Prompt: Give back exactly the lines of the data below, starting with the line that has "n F)) = card" and going on through the line that has "proof (rule linearI)".

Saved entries
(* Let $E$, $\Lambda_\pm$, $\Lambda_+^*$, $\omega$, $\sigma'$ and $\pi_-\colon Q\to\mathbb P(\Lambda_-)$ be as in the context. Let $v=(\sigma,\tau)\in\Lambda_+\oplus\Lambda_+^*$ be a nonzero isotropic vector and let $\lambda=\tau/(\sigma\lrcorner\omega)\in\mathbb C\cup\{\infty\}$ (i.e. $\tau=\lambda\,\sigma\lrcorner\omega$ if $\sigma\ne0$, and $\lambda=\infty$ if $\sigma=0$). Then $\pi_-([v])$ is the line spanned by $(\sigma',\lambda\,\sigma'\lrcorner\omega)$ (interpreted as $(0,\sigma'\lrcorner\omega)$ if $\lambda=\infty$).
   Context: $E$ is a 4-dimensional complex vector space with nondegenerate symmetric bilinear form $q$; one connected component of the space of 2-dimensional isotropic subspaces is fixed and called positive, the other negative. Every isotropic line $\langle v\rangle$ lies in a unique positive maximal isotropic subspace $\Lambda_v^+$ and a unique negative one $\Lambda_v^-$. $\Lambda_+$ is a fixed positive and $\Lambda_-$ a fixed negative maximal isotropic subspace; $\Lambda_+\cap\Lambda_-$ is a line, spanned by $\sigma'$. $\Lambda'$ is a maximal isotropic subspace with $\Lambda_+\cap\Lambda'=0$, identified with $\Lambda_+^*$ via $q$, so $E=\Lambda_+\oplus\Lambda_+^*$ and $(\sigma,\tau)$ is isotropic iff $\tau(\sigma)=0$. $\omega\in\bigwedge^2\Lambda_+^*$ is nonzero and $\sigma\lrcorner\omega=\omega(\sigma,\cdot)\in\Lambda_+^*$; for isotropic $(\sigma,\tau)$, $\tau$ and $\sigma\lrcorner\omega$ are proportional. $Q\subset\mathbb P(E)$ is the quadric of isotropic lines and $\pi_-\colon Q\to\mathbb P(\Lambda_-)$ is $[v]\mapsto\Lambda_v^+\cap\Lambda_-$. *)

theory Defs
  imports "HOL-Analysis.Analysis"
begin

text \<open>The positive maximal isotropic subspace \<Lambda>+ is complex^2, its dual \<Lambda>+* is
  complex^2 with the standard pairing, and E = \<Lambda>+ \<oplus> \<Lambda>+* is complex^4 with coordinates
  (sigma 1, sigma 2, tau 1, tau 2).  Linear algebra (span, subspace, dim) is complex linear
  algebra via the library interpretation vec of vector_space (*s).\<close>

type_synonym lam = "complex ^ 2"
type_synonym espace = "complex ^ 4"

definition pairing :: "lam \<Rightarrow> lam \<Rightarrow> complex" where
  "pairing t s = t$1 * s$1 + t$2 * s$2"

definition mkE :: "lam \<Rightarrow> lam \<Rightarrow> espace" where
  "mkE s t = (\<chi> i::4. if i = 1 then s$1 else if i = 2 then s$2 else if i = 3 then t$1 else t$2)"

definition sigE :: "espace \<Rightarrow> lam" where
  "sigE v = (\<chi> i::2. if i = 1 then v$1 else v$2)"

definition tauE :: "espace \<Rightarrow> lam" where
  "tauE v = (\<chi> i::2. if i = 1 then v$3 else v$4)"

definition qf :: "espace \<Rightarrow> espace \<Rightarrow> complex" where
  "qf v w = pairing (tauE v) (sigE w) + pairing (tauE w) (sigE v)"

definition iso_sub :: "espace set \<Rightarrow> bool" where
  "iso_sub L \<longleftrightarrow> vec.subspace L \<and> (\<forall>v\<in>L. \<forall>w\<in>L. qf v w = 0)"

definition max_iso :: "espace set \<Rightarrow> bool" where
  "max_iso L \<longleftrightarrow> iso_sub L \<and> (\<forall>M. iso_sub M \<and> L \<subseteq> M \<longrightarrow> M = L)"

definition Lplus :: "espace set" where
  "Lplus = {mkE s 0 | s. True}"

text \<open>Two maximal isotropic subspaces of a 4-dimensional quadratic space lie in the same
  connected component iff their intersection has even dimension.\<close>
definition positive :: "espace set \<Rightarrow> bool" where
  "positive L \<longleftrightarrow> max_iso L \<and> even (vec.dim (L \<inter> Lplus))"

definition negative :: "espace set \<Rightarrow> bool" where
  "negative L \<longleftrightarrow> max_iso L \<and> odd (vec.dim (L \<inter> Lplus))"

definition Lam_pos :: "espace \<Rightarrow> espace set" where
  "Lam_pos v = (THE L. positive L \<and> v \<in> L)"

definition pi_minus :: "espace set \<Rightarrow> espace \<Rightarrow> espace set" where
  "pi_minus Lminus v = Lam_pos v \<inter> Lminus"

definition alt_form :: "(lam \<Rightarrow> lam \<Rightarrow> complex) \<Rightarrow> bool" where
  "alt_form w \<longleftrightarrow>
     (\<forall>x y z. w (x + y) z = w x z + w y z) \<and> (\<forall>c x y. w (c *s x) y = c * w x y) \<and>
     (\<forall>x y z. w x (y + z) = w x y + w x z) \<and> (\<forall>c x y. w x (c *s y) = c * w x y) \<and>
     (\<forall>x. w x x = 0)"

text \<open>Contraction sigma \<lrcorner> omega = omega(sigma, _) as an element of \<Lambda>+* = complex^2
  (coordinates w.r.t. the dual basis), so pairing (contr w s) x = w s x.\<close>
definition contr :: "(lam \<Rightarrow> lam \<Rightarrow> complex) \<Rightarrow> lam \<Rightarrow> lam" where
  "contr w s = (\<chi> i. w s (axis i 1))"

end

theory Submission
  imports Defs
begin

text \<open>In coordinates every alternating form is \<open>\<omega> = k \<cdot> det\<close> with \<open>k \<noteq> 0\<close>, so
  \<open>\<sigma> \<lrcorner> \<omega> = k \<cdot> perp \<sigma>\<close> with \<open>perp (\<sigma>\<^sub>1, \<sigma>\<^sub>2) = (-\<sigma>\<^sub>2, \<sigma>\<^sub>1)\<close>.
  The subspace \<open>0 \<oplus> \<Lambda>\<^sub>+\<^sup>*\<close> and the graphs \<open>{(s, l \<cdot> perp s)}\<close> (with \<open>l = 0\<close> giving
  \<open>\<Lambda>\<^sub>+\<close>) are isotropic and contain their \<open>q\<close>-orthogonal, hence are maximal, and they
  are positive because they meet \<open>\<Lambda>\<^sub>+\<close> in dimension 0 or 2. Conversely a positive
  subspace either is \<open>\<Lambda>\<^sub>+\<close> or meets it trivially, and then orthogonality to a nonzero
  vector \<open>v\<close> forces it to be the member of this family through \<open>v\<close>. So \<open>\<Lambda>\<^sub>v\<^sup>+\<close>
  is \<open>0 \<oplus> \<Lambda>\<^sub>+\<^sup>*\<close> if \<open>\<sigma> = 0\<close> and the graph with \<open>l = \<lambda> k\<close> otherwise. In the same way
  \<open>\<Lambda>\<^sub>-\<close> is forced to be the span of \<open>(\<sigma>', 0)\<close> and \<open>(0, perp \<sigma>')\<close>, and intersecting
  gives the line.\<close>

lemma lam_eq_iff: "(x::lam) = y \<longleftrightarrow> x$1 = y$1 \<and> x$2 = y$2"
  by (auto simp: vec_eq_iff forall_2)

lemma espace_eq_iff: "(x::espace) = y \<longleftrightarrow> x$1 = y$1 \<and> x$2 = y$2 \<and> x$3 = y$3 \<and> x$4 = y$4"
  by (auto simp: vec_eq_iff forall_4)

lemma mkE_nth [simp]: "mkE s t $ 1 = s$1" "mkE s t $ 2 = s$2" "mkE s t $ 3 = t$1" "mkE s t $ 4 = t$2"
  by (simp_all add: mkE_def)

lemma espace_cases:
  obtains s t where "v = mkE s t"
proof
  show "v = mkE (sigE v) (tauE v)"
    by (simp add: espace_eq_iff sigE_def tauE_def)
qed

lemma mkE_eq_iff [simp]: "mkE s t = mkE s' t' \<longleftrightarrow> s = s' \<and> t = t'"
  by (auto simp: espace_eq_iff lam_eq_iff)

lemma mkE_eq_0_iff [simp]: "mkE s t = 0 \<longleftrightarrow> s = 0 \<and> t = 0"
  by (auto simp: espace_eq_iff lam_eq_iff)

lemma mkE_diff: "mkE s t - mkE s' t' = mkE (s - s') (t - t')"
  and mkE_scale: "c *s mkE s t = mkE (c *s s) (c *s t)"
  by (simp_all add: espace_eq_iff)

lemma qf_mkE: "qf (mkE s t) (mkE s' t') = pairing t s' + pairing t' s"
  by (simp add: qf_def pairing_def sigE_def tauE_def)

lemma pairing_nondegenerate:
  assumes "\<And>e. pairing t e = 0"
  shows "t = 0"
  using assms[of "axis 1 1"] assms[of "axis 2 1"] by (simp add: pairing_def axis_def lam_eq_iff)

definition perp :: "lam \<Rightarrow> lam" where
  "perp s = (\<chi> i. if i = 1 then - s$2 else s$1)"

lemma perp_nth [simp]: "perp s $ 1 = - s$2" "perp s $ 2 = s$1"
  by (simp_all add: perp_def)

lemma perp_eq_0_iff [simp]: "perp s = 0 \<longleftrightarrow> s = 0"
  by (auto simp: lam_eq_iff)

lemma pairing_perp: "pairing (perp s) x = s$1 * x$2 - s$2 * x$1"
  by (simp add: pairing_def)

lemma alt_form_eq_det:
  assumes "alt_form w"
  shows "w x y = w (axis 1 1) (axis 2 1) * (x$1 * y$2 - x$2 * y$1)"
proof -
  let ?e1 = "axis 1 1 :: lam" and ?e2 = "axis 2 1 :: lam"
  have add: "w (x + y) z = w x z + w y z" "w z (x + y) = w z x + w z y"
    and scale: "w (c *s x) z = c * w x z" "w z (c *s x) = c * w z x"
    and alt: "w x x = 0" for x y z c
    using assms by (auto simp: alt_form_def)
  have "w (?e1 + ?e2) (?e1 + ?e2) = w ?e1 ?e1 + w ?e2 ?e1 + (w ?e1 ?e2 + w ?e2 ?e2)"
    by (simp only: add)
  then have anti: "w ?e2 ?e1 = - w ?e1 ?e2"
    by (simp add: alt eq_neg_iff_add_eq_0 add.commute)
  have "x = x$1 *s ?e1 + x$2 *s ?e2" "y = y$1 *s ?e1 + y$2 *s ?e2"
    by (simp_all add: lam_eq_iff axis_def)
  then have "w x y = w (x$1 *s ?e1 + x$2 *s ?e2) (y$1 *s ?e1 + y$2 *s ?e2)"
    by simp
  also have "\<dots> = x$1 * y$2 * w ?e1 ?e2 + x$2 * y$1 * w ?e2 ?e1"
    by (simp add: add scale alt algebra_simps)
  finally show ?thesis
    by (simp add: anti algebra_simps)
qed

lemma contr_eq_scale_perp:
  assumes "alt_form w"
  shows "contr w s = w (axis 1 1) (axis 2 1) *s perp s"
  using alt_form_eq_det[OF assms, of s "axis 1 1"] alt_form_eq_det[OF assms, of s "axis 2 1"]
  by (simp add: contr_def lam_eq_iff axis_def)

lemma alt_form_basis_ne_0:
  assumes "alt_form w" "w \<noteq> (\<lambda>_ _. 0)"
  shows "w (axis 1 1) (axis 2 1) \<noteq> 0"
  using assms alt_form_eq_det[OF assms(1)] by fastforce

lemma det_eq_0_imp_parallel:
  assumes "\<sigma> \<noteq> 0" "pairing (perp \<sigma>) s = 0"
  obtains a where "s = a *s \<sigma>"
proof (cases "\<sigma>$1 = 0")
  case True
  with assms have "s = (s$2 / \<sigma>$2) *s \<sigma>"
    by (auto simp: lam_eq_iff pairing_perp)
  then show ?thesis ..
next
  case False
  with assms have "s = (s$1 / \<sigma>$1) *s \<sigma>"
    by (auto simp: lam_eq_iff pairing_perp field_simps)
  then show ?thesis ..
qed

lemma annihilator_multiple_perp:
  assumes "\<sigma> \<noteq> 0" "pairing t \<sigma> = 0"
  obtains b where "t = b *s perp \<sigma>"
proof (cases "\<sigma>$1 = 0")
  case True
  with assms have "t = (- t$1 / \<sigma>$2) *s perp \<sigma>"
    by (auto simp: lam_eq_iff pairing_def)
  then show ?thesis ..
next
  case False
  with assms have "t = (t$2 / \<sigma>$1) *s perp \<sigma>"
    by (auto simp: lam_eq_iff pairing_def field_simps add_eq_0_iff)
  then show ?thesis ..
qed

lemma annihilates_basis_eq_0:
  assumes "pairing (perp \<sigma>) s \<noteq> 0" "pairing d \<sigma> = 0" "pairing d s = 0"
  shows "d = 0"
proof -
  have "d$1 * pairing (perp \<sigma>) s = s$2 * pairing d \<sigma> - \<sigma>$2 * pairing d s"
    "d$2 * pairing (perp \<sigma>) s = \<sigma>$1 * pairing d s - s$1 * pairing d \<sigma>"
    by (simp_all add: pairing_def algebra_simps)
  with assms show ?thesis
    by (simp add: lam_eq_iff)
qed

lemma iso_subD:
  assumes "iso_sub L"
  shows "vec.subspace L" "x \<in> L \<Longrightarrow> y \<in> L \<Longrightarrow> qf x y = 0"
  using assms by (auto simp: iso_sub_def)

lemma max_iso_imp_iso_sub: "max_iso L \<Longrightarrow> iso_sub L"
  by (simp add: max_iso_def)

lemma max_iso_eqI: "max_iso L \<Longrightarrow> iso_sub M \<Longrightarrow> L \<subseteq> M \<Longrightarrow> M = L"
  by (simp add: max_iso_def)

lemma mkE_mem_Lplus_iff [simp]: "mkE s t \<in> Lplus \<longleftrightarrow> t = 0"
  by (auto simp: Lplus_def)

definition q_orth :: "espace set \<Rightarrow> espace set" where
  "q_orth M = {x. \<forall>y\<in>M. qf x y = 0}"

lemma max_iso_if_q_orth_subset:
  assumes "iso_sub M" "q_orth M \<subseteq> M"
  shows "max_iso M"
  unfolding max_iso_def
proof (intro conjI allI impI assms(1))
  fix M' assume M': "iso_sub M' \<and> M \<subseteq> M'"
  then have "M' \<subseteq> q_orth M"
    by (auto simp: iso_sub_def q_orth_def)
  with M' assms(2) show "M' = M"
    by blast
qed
...
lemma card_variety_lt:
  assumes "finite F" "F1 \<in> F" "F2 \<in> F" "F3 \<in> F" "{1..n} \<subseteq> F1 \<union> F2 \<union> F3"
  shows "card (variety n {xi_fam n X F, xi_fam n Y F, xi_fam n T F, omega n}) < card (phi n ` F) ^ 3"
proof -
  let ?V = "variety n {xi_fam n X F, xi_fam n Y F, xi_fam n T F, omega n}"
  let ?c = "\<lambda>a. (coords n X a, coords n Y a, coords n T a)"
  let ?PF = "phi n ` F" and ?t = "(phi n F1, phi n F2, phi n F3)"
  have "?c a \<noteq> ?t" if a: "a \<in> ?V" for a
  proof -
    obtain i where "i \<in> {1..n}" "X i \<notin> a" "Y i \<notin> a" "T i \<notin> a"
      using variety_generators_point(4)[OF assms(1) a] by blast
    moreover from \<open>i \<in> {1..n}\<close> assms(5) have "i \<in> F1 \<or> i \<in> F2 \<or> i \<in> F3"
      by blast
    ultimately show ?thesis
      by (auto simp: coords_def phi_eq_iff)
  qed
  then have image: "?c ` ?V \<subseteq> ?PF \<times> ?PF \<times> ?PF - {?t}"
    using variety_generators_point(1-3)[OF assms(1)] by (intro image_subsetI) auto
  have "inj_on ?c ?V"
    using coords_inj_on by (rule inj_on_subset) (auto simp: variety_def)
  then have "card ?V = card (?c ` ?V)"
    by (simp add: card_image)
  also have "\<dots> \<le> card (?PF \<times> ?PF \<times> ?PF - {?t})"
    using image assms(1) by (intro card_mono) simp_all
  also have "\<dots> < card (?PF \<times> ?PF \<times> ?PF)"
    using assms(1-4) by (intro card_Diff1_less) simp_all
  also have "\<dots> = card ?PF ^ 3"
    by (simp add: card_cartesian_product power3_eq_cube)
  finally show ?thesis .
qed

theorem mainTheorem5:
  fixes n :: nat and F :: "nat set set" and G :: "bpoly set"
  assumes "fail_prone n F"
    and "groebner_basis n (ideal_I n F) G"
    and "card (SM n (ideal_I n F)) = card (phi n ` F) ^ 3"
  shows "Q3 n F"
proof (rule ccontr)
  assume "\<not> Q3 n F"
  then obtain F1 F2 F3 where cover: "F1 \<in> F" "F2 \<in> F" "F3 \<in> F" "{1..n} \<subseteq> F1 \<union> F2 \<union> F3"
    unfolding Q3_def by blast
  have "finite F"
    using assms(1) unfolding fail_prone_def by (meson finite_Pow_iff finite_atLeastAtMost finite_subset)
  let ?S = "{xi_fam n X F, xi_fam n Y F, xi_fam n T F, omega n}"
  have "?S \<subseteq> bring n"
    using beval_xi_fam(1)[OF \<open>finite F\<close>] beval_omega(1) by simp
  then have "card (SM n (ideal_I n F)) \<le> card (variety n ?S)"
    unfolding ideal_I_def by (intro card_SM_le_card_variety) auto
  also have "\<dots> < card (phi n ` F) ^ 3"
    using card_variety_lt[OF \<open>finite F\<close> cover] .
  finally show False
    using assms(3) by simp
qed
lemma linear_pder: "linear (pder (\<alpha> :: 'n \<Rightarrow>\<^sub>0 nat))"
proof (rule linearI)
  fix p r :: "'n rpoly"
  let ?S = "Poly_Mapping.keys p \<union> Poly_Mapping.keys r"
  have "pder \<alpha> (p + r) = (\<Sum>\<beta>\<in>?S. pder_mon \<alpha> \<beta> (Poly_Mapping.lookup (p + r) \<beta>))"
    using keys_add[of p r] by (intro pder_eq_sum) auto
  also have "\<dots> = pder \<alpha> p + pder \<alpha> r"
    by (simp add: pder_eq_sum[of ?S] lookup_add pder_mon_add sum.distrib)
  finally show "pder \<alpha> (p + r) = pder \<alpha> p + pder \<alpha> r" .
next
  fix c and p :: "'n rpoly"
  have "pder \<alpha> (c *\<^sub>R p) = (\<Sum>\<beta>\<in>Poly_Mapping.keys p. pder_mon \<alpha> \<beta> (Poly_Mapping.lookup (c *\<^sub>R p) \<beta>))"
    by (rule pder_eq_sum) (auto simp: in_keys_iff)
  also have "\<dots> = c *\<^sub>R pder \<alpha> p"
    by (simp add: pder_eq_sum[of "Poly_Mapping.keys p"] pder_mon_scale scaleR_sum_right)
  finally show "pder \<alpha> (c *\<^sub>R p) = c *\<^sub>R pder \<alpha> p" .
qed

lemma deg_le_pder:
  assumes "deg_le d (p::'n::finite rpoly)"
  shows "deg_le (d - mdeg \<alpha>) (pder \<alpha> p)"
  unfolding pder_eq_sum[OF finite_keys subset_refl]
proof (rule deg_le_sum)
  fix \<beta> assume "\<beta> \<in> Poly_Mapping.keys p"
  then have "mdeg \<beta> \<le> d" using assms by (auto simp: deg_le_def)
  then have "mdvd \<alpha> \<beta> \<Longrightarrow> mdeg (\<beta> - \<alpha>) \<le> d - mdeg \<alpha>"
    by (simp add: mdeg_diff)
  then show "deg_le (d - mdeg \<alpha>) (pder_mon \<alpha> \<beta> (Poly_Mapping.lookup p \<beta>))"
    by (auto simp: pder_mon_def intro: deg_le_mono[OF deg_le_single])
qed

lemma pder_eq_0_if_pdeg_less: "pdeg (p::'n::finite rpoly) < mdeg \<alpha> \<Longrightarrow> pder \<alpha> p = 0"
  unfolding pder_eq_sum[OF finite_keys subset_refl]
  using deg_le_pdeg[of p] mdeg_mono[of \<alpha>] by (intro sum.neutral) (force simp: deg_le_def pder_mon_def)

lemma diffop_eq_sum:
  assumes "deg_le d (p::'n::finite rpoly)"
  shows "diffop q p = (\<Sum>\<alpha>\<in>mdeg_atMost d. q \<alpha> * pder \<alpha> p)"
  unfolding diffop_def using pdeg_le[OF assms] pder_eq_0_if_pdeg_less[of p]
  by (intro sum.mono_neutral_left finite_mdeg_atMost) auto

Answer:
    and "card (SM n (ideal_I n F)) = card (phi n ` F) ^ 3"
  shows "Q3 n F"
proof (rule ccontr)
  assume "\<not> Q3 n F"
  then obtain F1 F2 F3 where cover: "F1 \<in> F" "F2 \<in> F" "F3 \<in> F" "{1..n} \<subseteq> F1 \<union> F2 \<union> F3"
    unfolding Q3_def by blast
  have "finite F"
    using assms(1) unfolding fail_prone_def by (meson finite_Pow_iff finite_atLeastAtMost finite_subset)
  let ?S = "{xi_fam n X F, xi_fam n Y F, xi_fam n T F, omega n}"
  have "?S \<subseteq> bring n"
    using beval_xi_fam(1)[OF \<open>finite F\<close>] beval_omega(1) by simp
  then have "card (SM n (ideal_I n F)) \<le> card (variety n ?S)"
    unfolding ideal_I_def by (intro card_SM_le_card_variety) auto
  also have "\<dots> < card (phi n ` F) ^ 3"
    using card_variety_lt[OF \<open>finite F\<close> cover] .
  finally show False
    using assms(3) by simp
qed
lemma linear_pder: "linear (pder (\<alpha> :: 'n \<Rightarrow>\<^sub>0 nat))"
proof (rule linearI)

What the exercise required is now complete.